After worship on Sunday, I hurried down to St Charles Avenue to catch some parades. We parked on Napoleon close to S Claiborne, so we had a bit of a walk to get to the route. But when we did, it was the sounds that moved me: Bands playing, people yelling for throws, horns blowing, horse hooves clopping, lots of normal conversation. It was discordantly, noisily, glorious.
I find that to be especially the case after these past two years. This COVID time has taught me some things, or reinforced things I already knew. I like people. I like their eccentricities and oddnesses. I like that people come in different colors and ages and sizes and personalities. I like when 3-year-old children take the hands of strangers and invite them to dance in the streets. I am that stranger in the picture below; it was good for my soul.
It is hard for me to thrive when people must be kept at arm’s length, or 6 feet away. It is hard for me to feel fully alive when I don’t get to see people’s faces transformed by laughter, or by tears. Not everyone enjoys hanging out with strangers on the street (go figure!), but most of us yearn to be connected with other humans in meaningful ways. Most of us have had some level of challenge in the past 2 years.
When we shared prayer concerns in worship this past Sunday, and different voices spoke of desires for peace, for understanding, for erasing divisions, I was deeply moved. When others expressed concerns for those who couldn’t gather in person because of health concerns, or children confused by a parent’s dementia, or asked for more patience, I knew that something real was happening in the room. And when thanksgiving was expressed for a hundred years of a person’s life and for all of the people who make up Grace Evangelical Lutheran Church, God’s Spirit was palpable. We need this connection with one another; we need the deeper communion with God that we receive through these relationships with others who are also seeking to follow Jesus.
Speaking of communion, I think the weekly celebration of communion is one of the most important ways that we’ve stayed connected when we couldn’t connect in some ordinary ways. Please don’t tell my Presbyterian colleagues this, but I think the weekly sharing of communion lends a depth to Lutheran worship that can’t be beat.* I am reminded of these words from Rachel Held Evans, a Christian author who died several years ago while still in her 30s. She said,
This is what God’s kingdom is like: a bunch of outcasts and oddballs gathered at a table, not because they are rich or worthy or good, but because they are hungry, because they said yes. And there’s always room for more.
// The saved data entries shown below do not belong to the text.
(* Let $0<\beta<\mu$ and $0<v_0<x_0$, and set $V(s)=v_0e^{\beta s}$. For $t>0$ let $$x_t(s)=\frac{v_0e^{\beta t}\sinh(\mu s)+x_0\sinh(\mu(t-s))}{\sinh(\mu t)},\qquad s\ge0,$$ (so $x_t(0)=x_0$, $x_t(t)=V(t)$). Define $$\phi_2(s)=\Big(1-\frac{\beta}{\mu}\Big)e^{(\beta+\mu)s}+\Big(1+\frac{\beta}{\mu}\Big)e^{(\beta-\mu)s}.$$ Then the equation $\phi_2(t)=2x_0/v_0$ has a unique positive solution $t_2$, and $$\operatorname{sgn}\big(x_t'(t)-V'(t)\big)=\begin{cases}-1 & t<t_2,\\ 0 & t=t_2,\\ +1 & t>t_2.\end{cases}$$ Moreover $t_1<t^o_V<t_2$, where $t_1=\frac{1}{\mu+\beta}\log\frac{x_0}{v_0}$ and $t^o_V$ is the unique positive solution of $\big(1-\frac{\beta}{\mu}\big)e^{(\mu+\beta)t}+\frac{\beta}{\mu}e^{(\beta-\mu)t}=\frac{x_0}{v_0}$.
   Context: $x_t'(t)$ denotes the derivative of $s\mapsto x_t(s)$ evaluated at $s=t$. *)

theory Defs
  imports "HOL-Analysis.Analysis"
begin

definition Vfun :: "real \<Rightarrow> real \<Rightarrow> real \<Rightarrow> real" where
  "Vfun v0 \<beta> s = v0 * exp (\<beta> * s)"

definition xt :: "real \<Rightarrow> real \<Rightarrow> real \<Rightarrow> real \<Rightarrow> real \<Rightarrow> real \<Rightarrow> real" where
  "xt \<beta> \<mu> v0 x0 t s =
     (v0 * exp (\<beta> * t) * sinh (\<mu> * s) + x0 * sinh (\<mu> * (t - s))) / sinh (\<mu> * t)"

definition phi2 :: "real \<Rightarrow> real \<Rightarrow> real \<Rightarrow> real" where
  "phi2 \<beta> \<mu> s = (1 - \<beta>/\<mu>) * exp ((\<beta> + \<mu>) * s) + (1 + \<beta>/\<mu>) * exp ((\<beta> - \<mu>) * s)"

definition phiV :: "real \<Rightarrow> real \<Rightarrow> real \<Rightarrow> real" where
  "phiV \<beta> \<mu> t = (1 - \<beta>/\<mu>) * exp ((\<mu> + \<beta>) * t) + (\<beta>/\<mu>) * exp ((\<beta> - \<mu>) * t)"

end

(*
  Both phi2 and phiV have the shape a exp(p s) + b exp(q s) with a, p > 0, b >= 0, q <= 0 and
  a p + b q >= 0; the derivative of such a function exceeds a p + b q on (0, oo), so it is
  strictly increasing and unbounded on [0, oo), which yields the unique positive solutions.
  Since exp(beta t) (cosh(mu t) - beta/mu sinh(mu t)) = phi2(t)/2, differentiating x_t at s = t
  gives x_t'(t) - V'(t) = mu / sinh(mu t) * (v0/2 phi2(t) - x0), whose sign is that of
  phi2(t) - phi2(t2). Finally phiV(t1) < x0/v0 = phi2(t2)/2 < phiV(t2), so monotonicity of
  phiV places its root strictly between t1 and t2.
*)
theory Submission
  imports Defs
begin

lemma strict_mono_on_exp_combination:
  fixes a b p q :: real
  assumes "0 < a" "0 < p" "0 \<le> b" "q \<le> 0" "0 \<le> a * p + b * q"
  shows "strict_mono_on {0..} (\<lambda>s. a * exp (p * s) + b * exp (q * s))"
proof (rule strict_mono_onI)
  fix x y :: real assume "x \<in> {0..}" "x < y"
  then show "a * exp (p * x) + b * exp (q * x) < a * exp (p * y) + b * exp (q * y)"
  proof (intro DERIV_pos_imp_increasing_open[OF \<open>x < y\<close>] exI conjI)
    fix u assume "x < u"
    with \<open>x \<in> {0..}\<close> have "0 < u" by simp
    show "((\<lambda>s. a * exp (p * s) + b * exp (q * s)) has_real_derivative
            a * p * exp (p * u) + b * q * exp (q * u)) (at u)"
      by (auto intro!: derivative_eq_intros)
    have "a * p < a * p * exp (p * u)"
      using \<open>0 < u\<close> assms by simp
    moreover have "b * q \<le> b * q * exp (q * u)"
      using mult_left_mono_neg[of "exp (q * u)" 1 "b * q"] \<open>0 < u\<close> assms
      by (simp add: mult_nonneg_nonpos mult_nonpos_nonneg)
    ultimately show "0 < a * p * exp (p * u) + b * q * exp (q * u)"
      using assms(5) by linarith
  qed (intro continuous_intros)
qed

lemma filterlim_exp_combination_at_top:
  fixes a b p q :: real
  assumes "0 < a" "0 < p" "0 \<le> b"
  shows "filterlim (\<lambda>s. a * exp (p * s) + b * exp (q * s)) at_top at_top"
proof (rule filterlim_at_top_mono)
  have "filterlim (\<lambda>s. p * s) at_top at_top"
    using \<open>0 < p\<close> by (intro filterlim_tendsto_pos_mult_at_top[OF tendsto_const] filterlim_ident)
  then have "filterlim (\<lambda>s. exp (p * s)) at_top at_top"
    by (rule filterlim_compose[OF exp_at_top])
  then show "filterlim (\<lambda>s. a * exp (p * s)) at_top at_top"
    using \<open>0 < a\<close> by (intro filterlim_tendsto_pos_mult_at_top[OF tendsto_const])
  show "\<forall>\<^sub>F s in at_top. a * exp (p * s) \<le> a * exp (p * s) + b * exp (q * s)"
    using \<open>0 \<le> b\<close> by simp
qed

lemma ex1_pos_solution_strict_mono_on:
  fixes f :: "real \<Rightarrow> real"
  assumes mono: "strict_mono_on {0..} f" and cont: "continuous_on {0..} f"
    and lim: "filterlim f at_top at_top" and "f 0 < c"
  shows "\<exists>!t. 0 < t \<and> f t = c"
proof -
  have "\<forall>\<^sub>F x in at_top. c \<le> f x \<and> 0 \<le> x"
    using lim by (simp add: filterlim_at_top eventually_conj eventually_ge_at_top)
  then obtain T where "c \<le> f T" "0 \<le> T"
    unfolding eventually_at_top_linorder by blast
  moreover have "continuous_on {0..T} f"
    using cont by (rule continuous_on_subset) auto
  ultimately obtain t where "0 \<le> t" "f t = c"
    using IVT'[of f 0 c T] \<open>f 0 < c\<close> by force
  with \<open>f 0 < c\<close> have "0 < t \<and> f t = c"
    by (cases "t = 0") auto
  moreover have "s = t" if "0 < s" "f s = c" for s
    using strict_mono_on_eq[OF mono, of s t] that \<open>0 \<le> t\<close> \<open>f t = c\<close> by simp
  ultimately show ?thesis by blast
qed

lemma sgn_diff_strict_mono_on:
  fixes f :: "'a::linorder \<Rightarrow> real"
  assumes "strict_mono_on S f" "x \<in> S" "y \<in> S"
  shows "sgn (f x - f y) = (if x < y then -1 else if x = y then 0 else 1)"
  using strict_mono_on_less[OF assms] strict_mono_on_less[OF assms(1,3,2)]
  by (cases x y rule: linorder_cases) auto

lemma strict_mono_on_phi2:
  assumes "0 < \<beta>" "\<beta> < \<mu>"
  shows "strict_mono_on {0..} (phi2 \<beta> \<mu>)"
  unfolding phi2_def[abs_def] using assms
  by (intro strict_mono_on_exp_combination) (auto simp: field_simps)

lemma strict_mono_on_phiV:
  assumes "0 < \<beta>" "\<beta> < \<mu>"
  shows "strict_mono_on {0..} (phiV \<beta> \<mu>)"
  unfolding phiV_def[abs_def] using assms
  by (intro strict_mono_on_exp_combination) (auto simp: field_simps)

lemma phi2_ex1_pos_solution:
  assumes "0 < \<beta>" "\<beta> < \<mu>" "2 < c"
  shows "\<exists>!t. 0 < t \<and> phi2 \<beta> \<mu> t = c"
proof (rule ex1_pos_solution_strict_mono_on[OF strict_mono_on_phi2[OF assms(1,2)]])
  show "continuous_on {0..} (phi2 \<beta> \<mu>)"
    unfolding phi2_def by (intro continuous_intros)
  show "filterlim (phi2 \<beta> \<mu>) at_top at_top"
    unfolding phi2_def[abs_def] using assms
    by (intro filterlim_exp_combination_at_top) (auto simp: field_simps)
  show "phi2 \<beta> \<mu> 0 < c"
    using assms by (simp add: phi2_def)
qed

lemma phiV_ex1_pos_solution:
  assumes "0 < \<beta>" "\<beta> < \<mu>" "1 < c"
  shows "\<exists>!t. 0 < t \<and> phiV \<beta> \<mu> t = c"
proof (rule ex1_pos_solution_strict_mono_on[OF strict_mono_on_phiV[OF assms(1,2)]])
  show "continuous_on {0..} (phiV \<beta> \<mu>)"
    unfolding phiV_def by (intro continuous_intros)
  show "filterlim (phiV \<beta> \<mu>) at_top at_top"
    unfolding phiV_def[abs_def] using assms
    by (intro filterlim_exp_combination_at_top) (auto simp: field_simps)
  show "phiV \<beta> \<mu> 0 < c"
    using assms by (simp add: phiV_def)
qed

lemma phi2_eq_cosh_sinh:
  "phi2 \<beta> \<mu> t = 2 * exp (\<beta> * t) * (cosh (\<mu> * t) - \<beta> / \<mu> * sinh (\<mu> * t))"
  unfolding phi2_def cosh_def sinh_def
  by (simp add: algebra_simps diff_divide_distrib flip: exp_add exp_diff)

lemma deriv_xt_at_endpoint:
  assumes "0 < \<mu>" "0 < t"
  shows "deriv (xt \<beta> \<mu> v0 x0 t) t = \<mu> * (v0 * exp (\<beta> * t) * cosh (\<mu> * t) - x0) / sinh (\<mu> * t)"
proof (rule DERIV_imp_deriv)
  have "sinh (\<mu> * t) \<noteq> 0"
    using assms by simp
  then show "(xt \<beta> \<mu> v0 x0 t has_real_derivative
      \<mu> * (v0 * exp (\<beta> * t) * cosh (\<mu> * t) - x0) / sinh (\<mu> * t)) (at t)"
    unfolding xt_def[abs_def]
    by (auto intro!: derivative_eq_intros simp: field_simps)
qed

lemma deriv_Vfun: "deriv (Vfun v0 \<beta>) t = \<beta> * Vfun v0 \<beta> t"
  unfolding Vfun_def[abs_def]
  by (rule DERIV_imp_deriv) (auto intro!: derivative_eq_intros)

lemma deriv_xt_minus_deriv_Vfun:
  assumes "0 < \<mu>" "0 < t"
  shows "deriv (xt \<beta> \<mu> v0 x0 t) t - deriv (Vfun v0 \<beta>) t
    = \<mu> / sinh (\<mu> * t) * (v0 / 2 * phi2 \<beta> \<mu> t - x0)"
  using assms
  by (simp add: deriv_xt_at_endpoint deriv_Vfun Vfun_def phi2_eq_cosh_sinh field_simps)

lemma phiV_less_at_log:
  assumes "0 < \<beta>" "\<beta> < \<mu>" "1 < c"
  shows "phiV \<beta> \<mu> (1 / (\<mu> + \<beta>) * ln c) < c"
proof -
  define t1 where "t1 = 1 / (\<mu> + \<beta>) * ln c"
  have "0 < t1"
    unfolding t1_def using assms by simp
  then have "exp ((\<beta> - \<mu>) * t1) < 1"
    using assms by (simp add: mult_neg_pos)
  then have "exp ((\<beta> - \<mu>) * t1) < c"
    using assms by linarith
  then have "\<beta> / \<mu> * exp ((\<beta> - \<mu>) * t1) < \<beta> / \<mu> * c"
    using assms by (intro mult_strict_left_mono) auto
  moreover have "exp ((\<mu> + \<beta>) * t1) = c"
    unfolding t1_def using assms by simp
  ultimately show ?thesis
    unfolding t1_def[symmetric] phiV_def by (simp add: algebra_simps)
qed

lemma phi2_less_2_phiV:
  assumes "0 < \<beta>" "\<beta> < \<mu>" "0 < t"
  shows "phi2 \<beta> \<mu> t < 2 * phiV \<beta> \<mu> t"
proof -
  have "2 * phiV \<beta> \<mu> t - phi2 \<beta> \<mu> t
      = (1 - \<beta> / \<mu>) * (exp ((\<mu> + \<beta>) * t) - exp ((\<beta> - \<mu>) * t))"
    unfolding phi2_def phiV_def by (simp add: algebra_simps)
  moreover have "exp ((\<beta> - \<mu>) * t) < exp ((\<mu> + \<beta>) * t)"
    using assms by (simp add: mult_strict_right_mono)
  then have "0 < (1 - \<beta> / \<mu>) * (exp ((\<mu> + \<beta>) * t) - exp ((\<beta> - \<mu>) * t))"
    using assms by (intro mult_pos_pos) auto
  ultimately show ?thesis
    by linarith
qed

lemma sgn_deriv_xt_minus_deriv_Vfun:
  assumes "0 < \<beta>" "\<beta> < \<mu>" "0 < v0"
    and "0 < t2" "phi2 \<beta> \<mu> t2 = 2 * x0 / v0" and "0 < t"
  shows "sgn (deriv (xt \<beta> \<mu> v0 x0 t) t - deriv (Vfun v0 \<beta>) t) =
    (if t < t2 then -1 else if t = t2 then 0 else 1)"
proof -
  have "deriv (xt \<beta> \<mu> v0 x0 t) t - deriv (Vfun v0 \<beta>) t
      = \<mu> / sinh (\<mu> * t) * (v0 / 2 * phi2 \<beta> \<mu> t - x0)"
    using assms by (intro deriv_xt_minus_deriv_Vfun) auto
  also have "v0 / 2 * phi2 \<beta> \<mu> t - x0 = v0 / 2 * (phi2 \<beta> \<mu> t - phi2 \<beta> \<mu> t2)"
    using assms by (simp add: field_simps)
  finally have diff: "deriv (xt \<beta> \<mu> v0 x0 t) t - deriv (Vfun v0 \<beta>) t
      = \<mu> * v0 / (2 * sinh (\<mu> * t)) * (phi2 \<beta> \<mu> t - phi2 \<beta> \<mu> t2)"
    by simp
  have pos: "0 < \<mu> * v0 / (2 * sinh (\<mu> * t))"
    using assms by simp
  have "sgn (deriv (xt \<beta> \<mu> v0 x0 t) t - deriv (Vfun v0 \<beta>) t)
      = sgn (phi2 \<beta> \<mu> t - phi2 \<beta> \<mu> t2)"
    unfolding diff sgn_mult sgn_pos[OF pos] by simp
  also have "\<dots> = (if t < t2 then -1 else if t = t2 then 0 else 1)"
    using assms by (intro sgn_diff_strict_mono_on[OF strict_mono_on_phi2]) auto
  finally show ?thesis .
qed

lemma phiV_solution_between:
  assumes "0 < \<beta>" "\<beta> < \<mu>" "1 < c"
    and "0 < t2" "phi2 \<beta> \<mu> t2 = 2 * c" and "0 < tV" "phiV \<beta> \<mu> tV = c"
  shows "1 / (\<mu> + \<beta>) * ln c < tV \<and> tV < t2"
proof
  have "0 < 1 / (\<mu> + \<beta>) * ln c"
    using assms by simp
  then show "1 / (\<mu> + \<beta>) * ln c < tV"
    using phiV_less_at_log[OF assms(1-3)] assms(6,7)
      strict_mono_on_less[OF strict_mono_on_phiV[OF assms(1,2)]] by fastforce
  show "tV < t2"
    using phi2_less_2_phiV[OF assms(1,2,4)] assms(4-7)
      strict_mono_on_less[OF strict_mono_on_phiV[OF assms(1,2)], of tV t2] by simp
qed

theorem proposition1:
  fixes \<beta> \<mu> v0 x0 :: real
  assumes "0 < \<beta>" "\<beta> < \<mu>" "0 < v0" "v0 < x0"
  shows "(\<exists>!t2. 0 < t2 \<and> phi2 \<beta> \<mu> t2 = 2 * x0 / v0) \<and>
    (\<forall>t2 t. 0 < t2 \<and> phi2 \<beta> \<mu> t2 = 2 * x0 / v0 \<and> 0 < t \<longrightarrow>
           sgn (deriv (xt \<beta> \<mu> v0 x0 t) t - deriv (Vfun v0 \<beta>) t) =
             (if t < t2 then -1 else if t = t2 then 0 else 1)) \<and>
    (\<exists>!tV. 0 < tV \<and> phiV \<beta> \<mu> tV = x0 / v0) \<and>
    (\<forall>t2 tV. 0 < t2 \<and> phi2 \<beta> \<mu> t2 = 2 * x0 / v0 \<and>
           0 < tV \<and> phiV \<beta> \<mu> tV = x0 / v0 \<longrightarrow>
           1 / (\<mu> + \<beta>) * ln (x0 / v0) < tV \<and> tV < t2)"
proof -
  have ratio: "1 < x0 / v0" "2 < 2 * x0 / v0"
    using assms by (simp_all add: field_simps)
  show ?thesis
  proof (intro conjI allI impI)
    show "\<exists>!t2. 0 < t2 \<and> phi2 \<beta> \<mu> t2 = 2 * x0 / v0"
      using assms ratio by (intro phi2_ex1_pos_solution) auto
    show "\<exists>!tV. 0 < tV \<and> phiV \<beta> \<mu> tV = x0 / v0"
      using assms ratio by (intro phiV_ex1_pos_solution) auto
  next
    fix t2 t :: real
    assume "0 < t2 \<and> phi2 \<beta> \<mu> t2 = 2 * x0 / v0 \<and> 0 < t"
    then show "sgn (deriv (xt \<beta> \<mu> v0 x0 t) t - deriv (Vfun v0 \<beta>) t) =
        (if t < t2 then -1 else if t = t2 then 0 else 1)"
      using assms by (intro sgn_deriv_xt_minus_deriv_Vfun) auto
  next
    fix t2 tV :: real
    assume "0 < t2 \<and> phi2 \<beta> \<mu> t2 = 2 * x0 / v0 \<and> 0 < tV \<and> phiV \<beta> \<mu> tV = x0 / v0"
    then have "1 / (\<mu> + \<beta>) * ln (x0 / v0) < tV \<and> tV < t2"
      using assms ratio by (intro phiV_solution_between) auto
    then show "1 / (\<mu> + \<beta>) * ln (x0 / v0) < tV" "tV < t2"
      by auto
  qed
qed

end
I’m glad to be one of those oddballs, saying “yes” and receiving grace, and doing so for a season at this church in NOLA called Grace.
Grace and peace,
*In case you are interested, a little Presbyterian history: John Calvin, who is thought of as the “Father” of Presbyterians and was a contemporary of Martin Luther’s, believed that we should all have weekly communion. He believed that we need the tangible reminders of Christ’s life and sacrifice if we are to be our most faithful selves. He lost that battle. It was not good for the Presbyterian soul.